Si l’ampleur et la frénésie des débridements charnels auxquels donnait lieu dans le passé la célébration de la Holi sont aujourd’hui plus symboliques que réels, l’éclat orgiastique y est toujours intensément perceptible. Au plein feu de ce sacre du printemps et de l’amour, la multitude des célébrants s’asperge d’eau teintée de fleurs rouges d’Ashoka, la couleur du sang qui flue dans nos artères, irrigue notre chair, symbole de la force du vivant dont nous ne sommes que des corps de passage. Rouge est aussi la couleur fusionnelle de l’appel des sens, de cette attraction physique des corps que, le temps de la fête, l’explosion de ferveur générale libère des interdits et contraintes de l’ordinaire des jours.

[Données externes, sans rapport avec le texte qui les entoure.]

(* Let $d \geq 2$ and $r \geq 4$ be integers, $\delta_0 \in (0,1)$, $1 \le m \le d-1$ an integer, and $p(x) \in \mathbb{Z}[i][x]$ a polynomial of degree $d-m+1$. Let $N, N_m$ be positive integers with $N \ge N_m$. Let $A \subseteq [N]$ have density $\delta \ge \delta_0$ and let $D$ be a nonempty subset of $[2N^{1/(2d)}]$. Assume the balanced function $f$ of $A$ satisfies \[ \Big| \mathbb{E}_{n\in[N]}\mathbb{E}_{x\in D}\mathbb{E}_{\mathbf{h}\in [N^{1/(8d^r)}]^{d-m}} f(n) f\big(n + p(\sigma_{d-m}(x,\mathbf{h}))\big)\Big| \ge \frac{\delta^{2^{m-1}+1}}{2^{3\cdot 2^{m-1}-2}}. \] Define \[ N_{m+1} = \max\left\{ N_m,\ \left\lceil \left(\frac{2^{3\cdot 2^m - 1}}{\delta_0^{2^m+1}}\right)^{4d^r}\right\rceil,\ \left\lceil\left(\frac{2^{3\cdot 2^m}(2d+2)^{2d+2} M_p^2}{\delta_0^{2^m+1}}\right)^2\right\rceil\right\}. \] If $N \ge N_{m+1}$, then there exists a polynomial $p'(x) \in \mathbb{Z}[i][x]$ of degree $d-m$ with $0 < M_{p'} \le 2^{2d+1} M_p N^{1/(8d^{r-1})}$ such that \[ \Big| \mathbb{E}_{n\in[N]}\mathbb{E}_{x\in D}\mathbb{E}_{\mathbf{h}\in [N^{1/(8d^r)}]^{d-m-1}} f(n) f\big(n + p'(\sigma_{d-m-1}(x,\mathbf{h}))\big)\Big| \ge \frac{\delta^{2^{m}+1}}{2^{3\cdot 2^{m}-2}}. \]
   Context: For a real number $X\ge 1$, $[X] := \{a+bi \in \mathbb{Z}[i] : a,b \in \mathbb{Z},\ 1 \le a,b \le X\}$; $[X]^j$ is its $j$-fold Cartesian product (for $j=0$ a single empty tuple). For a finite nonempty set $S$, $\mathbb{E}_{x\in S} g(x) := |S|^{-1}\sum_{x\in S} g(x)$. A subset $A\subseteq[N]$ has density $\delta=|A|/N^2$, and its balanced function is $f(n) = \mathbf{1}_A(n) - \delta\mathbf{1}_{[N]}(n)$ for $n\in\mathbb{Z}[i]$. For $x \in \mathbb{Z}[i]$ and $\mathbf{h} = (h_1,\dots,h_j)$, $\sigma_j(x,\mathbf{h}) := x + h_1 + \dots + h_j$. For $p(x) = a_d x^d + \dots + a_0 \in \mathbb{C}[x]$ with $a_d\neq 0$, $M_p := 2\max\{|a_0|,\dots,|a_d|\}$. *)

theory Defs
  imports "HOL-Analysis.Analysis" "HOL-Computational_Algebra.Polynomial"
begin

text \<open>Gaussian integers are represented as complex numbers with integer real and imaginary parts.\<close>
definition gauss_int :: "complex \<Rightarrow> bool" where
  "gauss_int z \<longleftrightarrow> Re z \<in> \<int> \<and> Im z \<in> \<int>"

definition gauss_poly :: "complex poly \<Rightarrow> bool" where
  "gauss_poly p \<longleftrightarrow> (\<forall>i. gauss_int (coeff p i))"

definition gbox :: "real \<Rightarrow> complex set" where
  "gbox X = {z. \<exists>a b :: int. z = Complex (of_int a) (of_int b) \<and>
                  1 \<le> a \<and> real_of_int a \<le> X \<and> 1 \<le> b \<and> real_of_int b \<le> X}"

definition gtuples :: "nat \<Rightarrow> real \<Rightarrow> complex list set" where
  "gtuples j X = {hs. length hs = j \<and> set hs \<subseteq> gbox X}"

definition sigma :: "complex \<Rightarrow> complex list \<Rightarrow> complex" where
  "sigma x hs = x + sum_list hs"

definition avg :: "'a set \<Rightarrow> ('a \<Rightarrow> real) \<Rightarrow> real" where
  "avg S g = (\<Sum>x\<in>S. g x) / real (card S)"

definition Mp :: "complex poly \<Rightarrow> real" where
  "Mp p = 2 * Max ((\<lambda>i. norm (coeff p i)) ` {..degree p})"

definition density :: "complex set \<Rightarrow> nat \<Rightarrow> real" where
  "density A N = real (card A) / (real N)^2"

definition balanced :: "complex set \<Rightarrow> nat \<Rightarrow> complex \<Rightarrow> real" where
  "balanced A N n = indicator A n - density A N * indicator (gbox (real N)) n"

end

theory Submission
  imports Defs
begin

(* Split the last shift off the tuple: the correlation becomes an average over n in [N],
   u = (x, h_1, ..., h_(j-1)) and h in [H] of f(n) f(n + P(u, h)), where P(u, h) = p(sigma(x, u) + h).
   Cauchy-Schwarz in (n, u), with the mean of f^2 at most delta, bounds its square by delta times
   the average over pairs (h, k) of the correlation of f(n + P(u, h)) with f(n + P(u, k)).
   Since f is bounded and supported on [N], translating n by P(u, h) changes such an average by at
   most 2 |P(u, h)| / N, and turns it into the correlation of f with its shift by p(y + k) - p(y + h),
   a polynomial of degree one less whose coefficients the binomial theorem controls.  The diagonal
   h = k contributes at most 1 / |[H]|, so some pair h <> k does at least as well as the
   off-diagonal average; the lower bound on N makes the translation error and the diagonal
   negligible. *)

section \<open>Averages\<close>

lemma avg_mono: "(\<And>x. x \<in> A \<Longrightarrow> f x \<le> g x) \<Longrightarrow> avg A f \<le> avg A g"
  unfolding avg_def by (intro divide_right_mono sum_mono) auto

lemma avg_const: "finite A \<Longrightarrow> A \<noteq> {} \<Longrightarrow> avg A (\<lambda>_. c) = c"
  by (simp add: avg_def)

lemma avg_le_const: "finite A \<Longrightarrow> A \<noteq> {} \<Longrightarrow> (\<And>x. x \<in> A \<Longrightarrow> f x \<le> c) \<Longrightarrow> avg A f \<le> c"
  using avg_mono[of A f "\<lambda>_. c"] by (simp add: avg_const)

lemma avg_nonneg: "(\<And>x. x \<in> A \<Longrightarrow> 0 \<le> f x) \<Longrightarrow> 0 \<le> avg A f"
  unfolding avg_def by (intro divide_nonneg_nonneg sum_nonneg) auto

lemma avg_add_const: "finite A \<Longrightarrow> A \<noteq> {} \<Longrightarrow> avg A (\<lambda>x. f x + c) = avg A f + c"
  by (simp add: avg_def sum.distrib add_divide_distrib)

lemma avg_mult_left: "avg A (\<lambda>x. c * f x) = c * avg A f"
  by (simp add: avg_def sum_distrib_left)

lemma avg_reindex: "inj_on g A \<Longrightarrow> avg (g ` A) F = avg A (\<lambda>x. F (g x))"
  by (simp add: avg_def sum.reindex card_image)

lemma avg_swap: "avg A (\<lambda>x. avg B (\<lambda>y. g x y)) = avg B (\<lambda>y. avg A (\<lambda>x. g x y))"
  unfolding avg_def by (simp add: sum_divide_distrib[symmetric] sum.swap[of _ A B] field_simps)

lemma avg_swap3: "avg A (\<lambda>x. avg B (\<lambda>y. avg C (\<lambda>z. g x y z))) = avg B (\<lambda>y. avg C (\<lambda>z. avg A (\<lambda>x. g x y z)))"
  by (subst avg_swap) (rule arg_cong[where f="avg B"], rule ext, rule avg_swap)

lemma avg_product: "avg A f * avg B g = avg A (\<lambda>x. avg B (\<lambda>y. f x * g y))"
  unfolding avg_def by (simp add: sum_product sum_divide_distrib[symmetric] field_simps)

lemma avg_cartesian: "avg (A \<times> B) (\<lambda>(x, y). g x y) = avg A (\<lambda>x. avg B (g x))"
  unfolding avg_def
  by (simp add: sum.cartesian_product[symmetric] card_cartesian_product sum_divide_distrib[symmetric] field_simps)

lemma avg_Cauchy_Schwarz: "(avg A (\<lambda>x. f x * g x))\<^sup>2 \<le> avg A (\<lambda>x. (f x)\<^sup>2) * avg A (\<lambda>x. (g x)\<^sup>2)"
  unfolding avg_def using Cauchy_Schwarz_ineq_sum[of f g A]
  by (simp add: power_divide power2_eq_square divide_right_mono)

section \<open>Van der Corput differencing\<close>

lemma avg_correlation_Cauchy_Schwarz:
  fixes f :: "'a \<Rightarrow> real" and g :: "'a \<Rightarrow> 'u \<Rightarrow> 'b \<Rightarrow> real"
    and X :: "'a set" and U :: "'u set" and B :: "'b set"
  assumes "finite U" "U \<noteq> {}"
  defines "S \<equiv> avg B (\<lambda>h. avg B (\<lambda>k. avg X (\<lambda>n. avg U (\<lambda>u. g n u h * g n u k))))"
  shows "(avg X (\<lambda>n. avg U (\<lambda>u. avg B (\<lambda>h. f n * g n u h))))\<^sup>2 \<le> avg X (\<lambda>n. (f n)\<^sup>2) * S"
    and "0 \<le> S"
proof -
  define G where "G n u = avg B (g n u)" for n u
  have "avg X (\<lambda>n. avg U (\<lambda>u. avg B (\<lambda>h. f n * g n u h))) = avg (X \<times> U) (\<lambda>(n, u). f n * G n u)"
    by (simp add: avg_cartesian G_def avg_mult_left)
  moreover have "avg (X \<times> U) (\<lambda>(n, u). (f n)\<^sup>2) = avg X (\<lambda>n. (f n)\<^sup>2)"
    using assms by (simp add: avg_cartesian avg_const)
  moreover have "avg (X \<times> U) (\<lambda>(n, u). (G n u)\<^sup>2)
      = avg X (\<lambda>n. avg U (\<lambda>u. avg B (\<lambda>h. avg B (\<lambda>k. g n u h * g n u k))))"
    by (simp add: avg_cartesian G_def power2_eq_square avg_product)
  moreover have "\<dots> = S"
    unfolding S_def by (simp only: avg_swap3[of U B B] avg_swap3[of X B B])
  ultimately show "(avg X (\<lambda>n. avg U (\<lambda>u. avg B (\<lambda>h. f n * g n u h))))\<^sup>2 \<le> avg X (\<lambda>n. (f n)\<^sup>2) * S"
    and "0 \<le> S"
    using avg_Cauchy_Schwarz[of "X \<times> U" "\<lambda>(n, u). f n" "\<lambda>(n, u). G n u"]
      avg_nonneg[of "X \<times> U" "\<lambda>(n, u). (G n u)\<^sup>2"]
    by (simp_all add: case_prod_unfold)
qed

À l’époque où Xavier Zimbardo revint de l’Uttar Pradesh porteur de sa fabuleuse suite d’images de la Holi, il me raconta comment, immergé pendant des jours et des nuits dans la débordante euphorie de toute une population d’hommes et de femmes en liesse célébrant la plus ardente de leur fête votive, il avait vécu, là-bas, une expérience d’une bouleversante et indicible intensité, quelque chose comme une initiation, un rite de passage dont il voulait que sa pellicule soit le révélateur. Il perdit dans l’aventure quelques kilos et une partie de son matériel mais y gagna une bonne part de ce qui constitue l’essence même de son pouvoir de créateur d’images.
Ce pouvoir singulier et quasiment alchimique de naviguer de l’en deçà à l’au-delà de l’image perçue, de se jouer du réel comme d’une illusion ou inversement, de torturer le négatif pour sanctifier le positif, d’inscrire l’invisible dans le cadre du visible se retrouve, d’une manière ou d’une autre dans l’impressionnant florilège de sujets ou d’objets qui motivent ses prises de vue. On pourrait presque dire ses prises de vie, tant la photo est pour lui le moyen par excellence d’affirmer son insatiable appétit d’être et de devenir.
Revenu plusieurs fois en Inde, ces derniers temps, comme on va en pèlerinage, Xavier Zimbardo en a rapporté de nouvelles images captées au fil de ses éblouissements, composant comme une suite et un accompagnement mélodique de ses premières visions de la Holi. Dans ces images aux tonalités flamboyantes, chacun pourra reconnaître ce génie des apparitions qui transparaît dans toutes les œuvres photographiques de Xavier Zimbardo.